Chan left her post as Singapore's Ambassador to the US on 23 July 2012, and was replaced by Ashok Kumar Mirpuri. During her tenure, bilateral relations between Singapore and the US improved tremendously. In May 2003, Singapore and US signed the US-Singapore Free Trade Agreement (USSFTA), the first FTA that the US entered into with a Southeast Asian country. Both countries also enhanced their ties in areas of defence and security.

During October 2012, in relation to a discussion on the choice Asian nations may have in terms of supporting China or the US, Chan was quoted as saying, "The United States should not ask Asian countries to choose. You may not like the results if you ask countries to choose."

Chan was appointed to the Presidential Council for Minority Rights in 2012 and was re-appointed in 2015.

She was also appointed as the chairman of the National Arts Council in 2013.

From November 2012 to October 2015, the Singaporean government appointed her for a three-year term service as Singapore's Representative to the ASEAN Intergovernmental Commission on Human Rights (AICHR), succeeding Singapore's first AICHR Representative, Mr Richard R. Magnus.

== Controversies ==
In October 2015, Chan's call to retain the Chinese-Malay-Indian-Others framework as it "sets minority communities here at ease" sparked a debate, with a Malay Singaporean finding her "very wrong. She is from [the] majority and she is elite. She doesn't represent us". An online poll on Dialectic.sg found a majority of 52.8% of the respondents in favour of abandoning such racial categorisation.

In November 2015, Chan spoke at the Singapore International Film Festival (SGIFF) to defend the National Arts Council (NAC)'s censorship policies, prompting calls to boycott the NAC. Chan, NAC's chairman, did not warn the organisers, the strictly no-censorship SGIFF, of her talk's contents. Notably, NAC does not even oversee or supervise Singapore's film industry.
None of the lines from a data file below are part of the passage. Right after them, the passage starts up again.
lemma char_poly_quotient_strict_mono:
  fixes A :: "real mat"
  assumes A: "A \<in> carrier_mat n n" and sym: "transpose_mat A = A" and v: "v < n"
    and pB: "\<forall>x>a. poly (char_poly (mat_delete A v v)) x \<noteq> 0" and "a < s" "s < t"
  shows "poly (char_poly A) s / poly (char_poly (mat_delete A v v)) s
       < poly (char_poly A) t / poly (char_poly (mat_delete A v v)) t"
proof (rule DERIV_pos_imp_increasing[OF \<open>s < t\<close>])
  fix x assume "s \<le> x"
  then have x: "x \<in> {a<..}" using \<open>a < s\<close> by simp
  have "1 \<le> bordering_vec A v x \<bullet> bordering_vec A v x"
    using one_le_bordering_vec_scalar_prod_self[OF A v] pB x by simp
  with char_poly_quotient_has_real_derivative[OF A sym v open_greaterThan _ x] pB
  show "\<exists>D. ((\<lambda>t. poly (char_poly A) t / poly (char_poly (mat_delete A v v)) t)
      has_real_derivative D) (at x) \<and> 0 < D"
    by force
qed

lemma order_simple_root:
  fixes p :: "'a::{idom,semiring_char_0} poly"
  assumes "p \<noteq> 0" "poly p a = 0" "poly (pderiv p) a \<noteq> 0"
  shows "order a p = 1"
  using assms order_pderiv[OF assms(1,2)] order_root[of "pderiv p" a] by simp

lemma eigenvalue_above_unique:
  fixes A :: "real mat"
  assumes A: "A \<in> carrier_mat n n" and sym: "transpose_mat A = A" and v: "v < n"
    and no_ev_above: "\<forall>x>a. \<not> eigenvalue (mat_delete A v v) x"
    and r: "eigenvalue A r" "a < r" and s: "eigenvalue A s" "a < s"
  shows "r = s"
proof -
  have pB: "\<forall>x>a. poly (char_poly (mat_delete A v v)) x \<noteq> 0"
    using no_ev_above eigenvalue_root_char_poly[OF mat_delete_carrier[OF A]] by blast
  have root: "poly (char_poly A) r = 0" "poly (char_poly A) s = 0"
    using r(1) s(1) eigenvalue_root_char_poly[OF A] by simp_all
  show ?thesis
  proof (rule ccontr)
    assume "r \<noteq> s"
    then consider "r < s" | "s < r" by linarith
    then show False
      using char_poly_quotient_strict_mono[OF A sym v pB, of r s]
        char_poly_quotient_strict_mono[OF A sym v pB, of s r] root r(2) s(2)
      by cases simp_all
  qed
qed

lemma order_char_poly_eigenvalue_above:
  fixes A :: "real mat"
  assumes A: "A \<in> carrier_mat n n" and sym: "transpose_mat A = A" and v: "v < n"
    and no_ev_above: "\<forall>x>a. \<not> eigenvalue (mat_delete A v v) x"
    and r: "eigenvalue A r" "a < r"
  shows "order r (char_poly A) = 1"
proof -
  let ?pA = "char_poly A" and ?pB = "char_poly (mat_delete A v v)"
  have pB: "\<forall>x>a. poly ?pB x \<noteq> 0"
    using no_ev_above eigenvalue_root_char_poly[OF mat_delete_carrier[OF A]] by blast
  have root: "poly ?pA r = 0"
    using r(1) eigenvalue_root_char_poly[OF A] by simp
  define \<phi> where "\<phi> t = poly ?pA t / poly ?pB t" for t
  define D where "D = bordering_vec A v r \<bullet> bordering_vec A v r"
  have "(\<phi> has_real_derivative D) (at r)"
    unfolding \<phi>_def D_def
    by (rule char_poly_quotient_has_real_derivative[OF A sym v open_greaterThan]) (use pB r(2) in auto)
  moreover have "1 \<le> D"
    using one_le_bordering_vec_scalar_prod_self[OF A v] pB r(2) by (simp add: D_def)
  ultimately have D: "(\<phi> has_real_derivative D) (at r)" "0 < D" by simp_all
  have "((\<lambda>t. \<phi> t * poly ?pB t) has_real_derivative D * poly ?pB r + poly (pderiv ?pB) r * \<phi> r) (at r)"
    by (rule DERIV_mult[OF D(1) poly_DERIV])
  then have "(poly ?pA has_real_derivative D * poly ?pB r + poly (pderiv ?pB) r * \<phi> r) (at r)"
    by (rule has_field_derivative_transform_within_open[where S = "{a<..}"])
      (use r(2) pB in \<open>auto simp: \<phi>_def\<close>)
  then have "poly (pderiv ?pA) r = D * poly ?pB r"
    using DERIV_unique[OF poly_DERIV] root by (simp add: \<phi>_def)
  then have "poly (pderiv ?pA) r \<noteq> 0"
    using D(2) pB r(2) by simp
  moreover have "?pA \<noteq> 0"
    using degree_monic_char_poly[OF A] by auto
  ultimately show ?thesis
    using order_simple_root root by blast
qed

lemma eigenvalue_ge_of_quadratic_form:
  fixes A :: "real mat"
  assumes A: "A \<in> carrier_mat n n"
    and form: "\<And>x. x \<in> carrier_vec n \<Longrightarrow> 0 \<le> x \<bullet> (A *\<^sub>v x) + c * (x \<bullet> x)"
    and ev: "eigenvalue A \<mu>"
  shows "- c \<le> \<mu>"
proof -
  obtain x where x: "x \<in> carrier_vec n" "x \<noteq> 0\<^sub>v n" "A *\<^sub>v x = \<mu> \<cdot>\<^sub>v x"
    using ev A unfolding eigenvalue_def eigenvector_def by auto
  obtain k where k: "k < n" "x $ k \<noteq> 0"
    using x(1,2) by (auto simp: vec_eq_iff)
  have "0 < x \<bullet> x"
    using index_square_le_scalar_prod_self[OF x(1) k(1)] k(2) by (smt (verit) zero_less_power2)
  moreover have "0 \<le> (\<mu> + c) * (x \<bullet> x)"
    using form[OF x(1)] x by (simp add: algebra_simps)
  ultimately show ?thesis
    by (simp add: zero_le_mult_iff)
qed

lemma card_inter_quadratic_form_nonneg:
  fixes x :: "nat \<Rightarrow> real" and f :: "nat \<Rightarrow> 'a set"
  assumes U: "finite U" and f: "\<And>i. i < n \<Longrightarrow> f i \<subseteq> U"
  shows "0 \<le> (\<Sum>i<n. \<Sum>j<n. x i * x j * card (f i \<inter> f j))"
proof -
  define g where "g a i = (if a \<in> f i then x i else 0)" for a i
  have card: "x i * x j * card (f i \<inter> f j) = (\<Sum>a\<in>U. g a i * g a j)"
    if "i < n" for i j
  proof -
    have "(\<Sum>a\<in>U. g a i * g a j) = (\<Sum>a\<in>U. if a \<in> f i \<inter> f j then x i * x j else 0)"
      by (rule sum.cong) (auto simp: g_def)
    also have "\<dots> = (\<Sum>a\<in>U \<inter> (f i \<inter> f j). x i * x j)"
      using sum.inter_restrict[OF U, of "\<lambda>_. x i * x j" "f i \<inter> f j"] by simp
    also have "U \<inter> (f i \<inter> f j) = f i \<inter> f j"
      using f[OF that] by auto
    finally show ?thesis
      by simp
  qed
  have "(\<Sum>i<n. \<Sum>j<n. x i * x j * card (f i \<inter> f j)) = (\<Sum>i<n. \<Sum>j<n. \<Sum>a\<in>U. g a i * g a j)"
    by (simp add: card)
  also have "\<dots> = (\<Sum>i<n. \<Sum>a\<in>U. \<Sum>j<n. g a i * g a j)"
    by (intro sum.cong refl) (rule sum.swap)
  also have "\<dots> = (\<Sum>a\<in>U. \<Sum>i<n. \<Sum>j<n. g a i * g a j)"
    by (rule sum.swap)
  also have "\<dots> = (\<Sum>a\<in>U. (\<Sum>i<n. g a i)\<^sup>2)"
    by (simp add: power2_eq_square sum_product)
  finally show ?thesis
    by (simp add: sum_nonneg)
qed

lemma line_graph_card_inter:
  assumes "line_graph n E"
  obtains m and f :: "nat \<Rightarrow> nat set"
  where "\<And>i. i < n \<Longrightarrow> f i \<subseteq> {..<m}"
    and "\<And>i j. i < n \<Longrightarrow> j < n \<Longrightarrow>
           card (f i \<inter> f j) = (if i = j then 2 else if E i j then 1 else 0)"
proof -
  obtain m F f where F: "simple_graph m F"
    and bij: "bij_betw f {0..<n} {{a, b} | a b. a < m \<and> b < m \<and> F a b}"
    and adj: "\<forall>i<n. \<forall>j<n. i \<noteq> j \<longrightarrow> (E i j \<longleftrightarrow> f i \<inter> f j \<noteq> {})"
    using assms unfolding line_graph_def by blast
  have edge: "f i \<subseteq> {..<m} \<and> finite (f i) \<and> card (f i) = 2" if "i < n" for i
  proof -
    have "f i \<in> {{a, b} | a b. a < m \<and> b < m \<and> F a b}"
      using bij_betwE[OF bij] that by simp
    then obtain a b where "f i = {a, b}" "a < m" "b < m" "F a b"
      by blast
    moreover have "a \<noteq> b"
      using F \<open>F a b\<close> \<open>a < m\<close> unfolding simple_graph_def by auto
    ultimately show ?thesis
      by simp
  qed
  have "card (f i \<inter> f j) = (if i = j then 2 else if E i j then 1 else 0)"
    if ij: "i < n" "j < n" for i j
  proof (cases "i = j")
    case True
    then show ?thesis using edge[OF ij(1)] by simp
  next
    case False
    then have "f i \<noteq> f j"
      using inj_onD[OF bij_betw_imp_inj_on[OF bij]] ij by auto
    then have "f i \<inter> f j \<subset> f i"
      using card_subset_eq[of "f j" "f i"] edge[OF ij(1)] edge[OF ij(2)] by auto
    then have "card (f i \<inter> f j) < 2"
      using psubset_card_mono[of "f i"] edge[OF ij(1)] by auto
    moreover have "E i j \<longleftrightarrow> card (f i \<inter> f j) \<noteq> 0"
      using adj ij False edge[OF ij(1)] by simp
    ultimately show ?thesis
      using False by auto
  qed
  with edge that show ?thesis by blast
qed

lemma adj_mat_carrier[simp]: "adj_mat n E \<in> carrier_mat n n"
  by (simp add: adj_mat_def)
In February 2016, Chan, who is on the Yale-NUS College governing board, delivered a speech defending Singapore's decision to uphold Section 377A at the 24th session of the United Nations Human Rights Council's Universal Periodic Review in Geneva, Switzerland. Her speech prompted students' calls for Chan's removal from the school's governing board, while others said a removal would be unfair because Chan was speaking as a Singaporean ambassador, not as a governor of the college. The school rejected calls to remove her.

== Personal life ==
Chan's father was a businessman. She has two brothers and a sister. Her brother Alan Chan was a top civil servant and a former CEO of Singapore Press Holdings while the other brother Chan Heng Wing is also a diplomat and currently serves as Singapore's Ambassador to the Republic of Austria. She was formerly married to architect Tay Kheng Soon.